An interesting Putnam problem on the Pigeonhole Principle

by ayushkhaitan3437

The following problem is contained in the book “Putnam and Beyond” by Gelca, and I saw it on stackexchange. I’m mainly recording this solution because it took me longer than usual to come up with the solution, as I was led down the wrong path many a time. Noting what is sufficient for a block of numbers to be a square is the main challenge in solving this problem.

Let there be a sequence of m terms, all of which belong to a set of n natural numbers. Prove that if 2^n\leq m, then there exists a block of consecutive terms, the product of which is a square number.

Let the n numbers be \{a_1,\dots,a_n\}, and consider the function f(k)=( a tuple of 0‘s and 1‘s), where the 0‘s and 1‘s denote the number of times \pmod 2 that each element a_i has appeared from the 1st to the kth element of the sequence of positive integers.

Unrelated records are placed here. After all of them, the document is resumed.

(* Let $p\ge 1$, let $n_1,\dots,n_p\ge1$ and $k_s\in[n_s]$ for each $s$. Suppose there is a maximum-size non-trivially intersecting family $\mathcal{F}\subseteq \prod_{s}\binom{[n_s]}{k_s}$ which is $Q$-shifted for some $Q\subsetneq [p]$ such that $k_t>1$ for some $t\notin Q$. Then there is a maximum-size non-trivially intersecting family $\mathcal{F}'\subseteq \prod_{s}\binom{[n_s]}{k_s}$ which is shifted.
   Context: Multi-part setting: the ground set is the disjoint union $\bigsqcup_{s=1}^p [n_s]$ of $p$ parts, $[n]=\{1,\dots,n\}$. For $F_s\subseteq[n_s]$, $\bigsqcup_s F_s$ denotes the subset having $F_s$ in part $s$; $\prod_{s}\binom{[n_s]}{k_s}$ is the collection of all $\bigsqcup_s F_s$ with $|F_s|=k_s$ for all $s$. A family is intersecting if any two of its sets intersect (in some part); trivially intersecting if some element (in some part) lies in all its sets; non-trivially intersecting if intersecting but not trivially intersecting. "Maximum-size" means of maximum size among all non-trivially intersecting subfamilies of $\prod_{s}\binom{[n_s]}{k_s}$. Shifting: for $t\in[p]$, $1\le i<j\le n_t$ and $F=\bigsqcup_s F_s$, $S_t^{i,j}(F)=F$ if $i\in F_t$ or $j\notin F_t$, and otherwise $S_t^{i,j}(F)$ replaces $F_t$ by $(F_t\setminus\{j\})\cup\{i\}$. For a family, $S_t^{i,j}(\mathcal F)=\{S_t^{i,j}(F):F\in\mathcal F\}\cup\{F: F\in\mathcal F,\ S_t^{i,j}(F)\in\mathcal F\}$. $\mathcal F$ is $t$-shifted if $S_t^{i,j}(\mathcal F)=\mathcal F$ for all $1\le i<j\le n_t$, and shifted if $t$-shifted for all $t\in[p]$. A non-trivially intersecting family $\mathcal F$ is $Q$-shifted (for $Q\subseteq[p]$) if it is $s$-shifted for each $s\in Q$, and for each $s\notin Q$ there are $1\le i_s<j_s\le n_s$ such that $S_s^{i_s,j_s}(\mathcal F)$ is trivially intersecting. *)

theory Defs
  imports Main
begin

text \<open>Elements of the ground set are pairs (s, x): element x of part s,
  with 1 <= s <= p and 1 <= x <= n s. A set F = disjoint union of F_s is a set of
  such pairs, with F_s = {x. (s,x) in F}.\<close>

definition ground :: "nat \<Rightarrow> (nat \<Rightarrow> nat) \<Rightarrow> (nat \<times> nat) set" where
  "ground p n = {(s, x). s \<in> {1..p} \<and> x \<in> {1..n s}}"

definition part :: "(nat \<times> nat) set \<Rightarrow> nat \<Rightarrow> nat set" where
  "part F s = {x. (s, x) \<in> F}"

definition prod_binom :: "nat \<Rightarrow> (nat \<Rightarrow> nat) \<Rightarrow> (nat \<Rightarrow> nat) \<Rightarrow> (nat \<times> nat) set set" where
  "prod_binom p n k = {F. F \<subseteq> ground p n \<and> (\<forall>s\<in>{1..p}. card (part F s) = k s)}"

definition intersecting :: "(nat \<times> nat) set set \<Rightarrow> bool" where
  "intersecting \<F> \<longleftrightarrow> (\<forall>A\<in>\<F>. \<forall>B\<in>\<F>. A \<inter> B \<noteq> {})"

definition trivially_intersecting :: "(nat \<times> nat) set set \<Rightarrow> bool" where
  "trivially_intersecting \<F> \<longleftrightarrow> (\<exists>e. \<forall>A\<in>\<F>. e \<in> A)"

definition nontrivially_intersecting :: "(nat \<times> nat) set set \<Rightarrow> bool" where
  "nontrivially_intersecting \<F> \<longleftrightarrow> intersecting \<F> \<and> \<not> trivially_intersecting \<F>"

definition max_nontriv :: "nat \<Rightarrow> (nat \<Rightarrow> nat) \<Rightarrow> (nat \<Rightarrow> nat) \<Rightarrow> (nat \<times> nat) set set \<Rightarrow> bool" where
  "max_nontriv p n k \<F> \<longleftrightarrow> \<F> \<subseteq> prod_binom p n k \<and> nontrivially_intersecting \<F> \<and>
     (\<forall>\<G>. \<G> \<subseteq> prod_binom p n k \<and> nontrivially_intersecting \<G> \<longrightarrow> card \<G> \<le> card \<F>)"

definition shift_set :: "nat \<Rightarrow> nat \<Rightarrow> nat \<Rightarrow> (nat \<times> nat) set \<Rightarrow> (nat \<times> nat) set" where
  "shift_set t i j F = (if (t, i) \<in> F \<or> (t, j) \<notin> F then F else (F - {(t, j)}) \<union> {(t, i)})"

definition shift_fam :: "nat \<Rightarrow> nat \<Rightarrow> nat \<Rightarrow> (nat \<times> nat) set set \<Rightarrow> (nat \<times> nat) set set" where
  "shift_fam t i j \<F> = shift_set t i j ` \<F> \<union> {F \<in> \<F>. shift_set t i j F \<in> \<F>}"

definition part_shifted :: "(nat \<Rightarrow> nat) \<Rightarrow> nat \<Rightarrow> (nat \<times> nat) set set \<Rightarrow> bool" where
  "part_shifted n t \<F> \<longleftrightarrow> (\<forall>i j. 1 \<le> i \<and> i < j \<and> j \<le> n t \<longrightarrow> shift_fam t i j \<F> = \<F>)"

definition shifted :: "nat \<Rightarrow> (nat \<Rightarrow> nat) \<Rightarrow> (nat \<times> nat) set set \<Rightarrow> bool" where
  "shifted p n \<F> \<longleftrightarrow> (\<forall>t\<in>{1..p}. part_shifted n t \<F>)"

definition Q_shifted :: "nat \<Rightarrow> (nat \<Rightarrow> nat) \<Rightarrow> nat set \<Rightarrow> (nat \<times> nat) set set \<Rightarrow> bool" where
  "Q_shifted p n Q \<F> \<longleftrightarrow> nontrivially_intersecting \<F> \<and>
     (\<forall>s\<in>Q. part_shifted n s \<F>) \<and>
     (\<forall>s\<in>{1..p} - Q. \<exists>i j. 1 \<le> i \<and> i < j \<and> j \<le> n s \<and>
         trivially_intersecting (shift_fam s i j \<F>))"

end

theory Submission
  imports Defs "HOL-Combinatorics.Transposition"
begin

text \<open>Every set of \<open>\<F>\<close> meets \<open>{(t,i),(t,j)}\<close>: the shifted family \<open>S_t^{i,j}(\<F>)\<close> is
  trivially intersecting, and \<open>(t,i)\<close> is the only element that shifting can make common.
  Relabelling part \<open>t\<close> we may take \<open>{i,j} = {1,2}\<close>. Maximality then forces such a family to
  contain every set of the product containing both \<open>(t,1)\<close> and \<open>(t,2)\<close>, and a shift keeps
  the whole situation unless it makes the family trivially intersecting. Among all these
  maximum families take one of least total weight (the sum of all entries of all its sets).
  A shift that moved it would lower the weight, so it suffices to exhibit, for each shift
  \<open>S_s^{a,b}\<close>, a member avoiding \<open>(s,a)\<close> whose image is again a member. For \<open>S_t^{1,2}\<close> this
  member is the least set whose part \<open>t\<close> is \<open>{2,3,...,k_t+1}\<close>: the other shifts, which fix
  the family, push any member avoiding \<open>(t,1)\<close> down to it, and \<open>k_t > 1\<close> is what makes it
  different from its image under \<open>S_t^{1,2}\<close>.\<close>

lemma shift_set_moved:
  "(s, a) \<notin> G \<Longrightarrow> (s, b) \<in> G \<Longrightarrow> shift_set s a b G = insert (s, a) (G - {(s, b)})"
  by (auto simp: shift_set_def)

lemma shift_set_fixed:
  "(s, a) \<in> G \<or> (s, b) \<notin> G \<Longrightarrow> shift_set s a b G = G"
  by (auto simp: shift_set_def)

lemma shift_set_subset_insert: "shift_set s a b G \<subseteq> insert (s, a) G"
  by (auto simp: shift_set_def)

lemma shift_set_keeps: "e \<in> G \<Longrightarrow> e \<noteq> (s, b) \<Longrightarrow> e \<in> shift_set s a b G"
  by (auto simp: shift_set_def)

lemma shift_set_idem: "a \<noteq> b \<Longrightarrow> shift_set s a b (shift_set s a b G) = shift_set s a b G"
  by (auto simp: shift_set_def)

lemma inj_on_shift_set_moved:
  assumes "a \<noteq> b"
  shows "inj_on (shift_set s a b) {G. shift_set s a b G \<noteq> G}"
proof (rule inj_onI)
  fix G H
  assume "G \<in> {G. shift_set s a b G \<noteq> G}" "H \<in> {G. shift_set s a b G \<noteq> G}"
    and eq: "shift_set s a b G = shift_set s a b H"
  then have "(s, a) \<notin> G" "(s, b) \<in> G" "(s, a) \<notin> H" "(s, b) \<in> H"
    by (auto simp: shift_set_def split: if_splits)
  then have "G = insert (s, b) (shift_set s a b G - {(s, a)})"
    and "H = insert (s, b) (shift_set s a b H - {(s, a)})"
    using assms by (auto simp: shift_set_def)
  with eq show "G = H" by simp
qed

lemma shift_fam_partition:
  assumes "a \<noteq> b"
  shows "shift_fam s a b F =
    {G \<in> F. shift_set s a b G \<in> F} \<union> shift_set s a b ` {G \<in> F. shift_set s a b G \<notin> F}"
proof -
  have "shift_set s a b ` {G \<in> F. shift_set s a b G \<in> F} \<subseteq> {G \<in> F. shift_set s a b G \<in> F}"
    using shift_set_idem[OF assms] by auto
  then show ?thesis unfolding shift_fam_def by blast
qed

lemma mem_shift_fam: "G \<in> F \<Longrightarrow> shift_set s a b G \<in> F \<Longrightarrow> G \<in> shift_fam s a b F"
  unfolding shift_fam_def by blast

lemma shift_set_mem_shift_fam: "G \<in> F \<Longrightarrow> shift_set s a b G \<in> shift_fam s a b F"
  unfolding shift_fam_def by blast

lemma shift_fam_cases:
  "X \<in> shift_fam s a b F \<Longrightarrow> X \<in> F \<or> (\<exists>G\<in>F. X = shift_set s a b G)"
  unfolding shift_fam_def by blast

lemma shift_set_mem_if_shift_fam_eq: "shift_fam s a b F = F \<Longrightarrow> G \<in> F \<Longrightarrow> shift_set s a b G \<in> F"
  unfolding shift_fam_def by blast

lemma card_shift_fam:
  assumes "a \<noteq> b" "finite F"
  shows "card (shift_fam s a b F) = card F"
proof -
  let ?K = "{G \<in> F. shift_set s a b G \<in> F}" and ?D = "{G \<in> F. shift_set s a b G \<notin> F}"
  have inj: "inj_on (shift_set s a b) ?D"
    by (rule inj_on_subset[OF inj_on_shift_set_moved[OF assms(1)]]) auto
  have "card (shift_fam s a b F) = card ?K + card (shift_set s a b ` ?D)"
    unfolding shift_fam_partition[OF assms(1)]
    by (rule card_Un_disjoint) (use assms(2) in simp_all, blast)
  also have "\<dots> = card ?K + card ?D" using card_image[OF inj] by simp
  also have "\<dots> = card (?K \<union> ?D)"
    by (rule card_Un_disjoint[symmetric]) (use assms(2) in auto)
  also have "?K \<union> ?D = F" by blast
  finally show ?thesis .
qed

text \<open>The delicate case of the classical fact that shifting preserves the intersecting
  property: if \<open>X\<close> met \<open>H\<close> only in \<open>(s,b)\<close>, then \<open>S(X)\<close> and \<open>H\<close> would be disjoint.\<close>

lemma shift_set_meets_if_stable:
  assumes "a \<noteq> b" "intersecting F" "X \<in> F" "shift_set s a b X \<in> F" "H \<in> F"
  shows "X \<inter> shift_set s a b H \<noteq> {}"
proof (cases "shift_set s a b H = H")
  case True
  then show ?thesis using assms(2,3,5) unfolding intersecting_def by simp
next
  case False
  then have H_ab: "(s, a) \<notin> H" "(s, b) \<in> H" by (auto simp: shift_set_def split: if_splits)
  show ?thesis
  proof
    assume disj: "X \<inter> shift_set s a b H = {}"
    have only_b: "X \<inter> H \<subseteq> {(s, b)}"
    proof
      fix e assume "e \<in> X \<inter> H"
      then show "e \<in> {(s, b)}" using disj shift_set_keeps[of e H s b a] by blast
    qed
    then have X_b: "(s, b) \<in> X" using assms(2,3,5) unfolding intersecting_def by blast
    have "(s, a) \<in> shift_set s a b H" using shift_set_moved[OF H_ab] by simp
    then have "(s, a) \<notin> X" using disj by blast
    then have "shift_set s a b X = insert (s, a) (X - {(s, b)})" using X_b by (rule shift_set_moved)
    then have "shift_set s a b X \<inter> H = {}"
      using only_b H_ab(1) by (simp add: Int_insert_left) blast
    then show False using assms(2,4,5) unfolding intersecting_def by blast
  qed
qed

So f(1)=(1 somewhere, and the rest of the terms are 0), etc.

Clearly, if f(k)=(0,0,\dots,0) for any k, then the consecutive sequence of numbers from the 1st term to the kth terms is a square. If no f(k) is (0,0,0\dots,0), then there are 2^m-1 such tuples, and at least 2^m values of k. Hence, two of them must be equal. Let us suppose that f(k_1)=f(k_2). Then the sequence of terms from k_1 until k_2 is a square. Hence proved.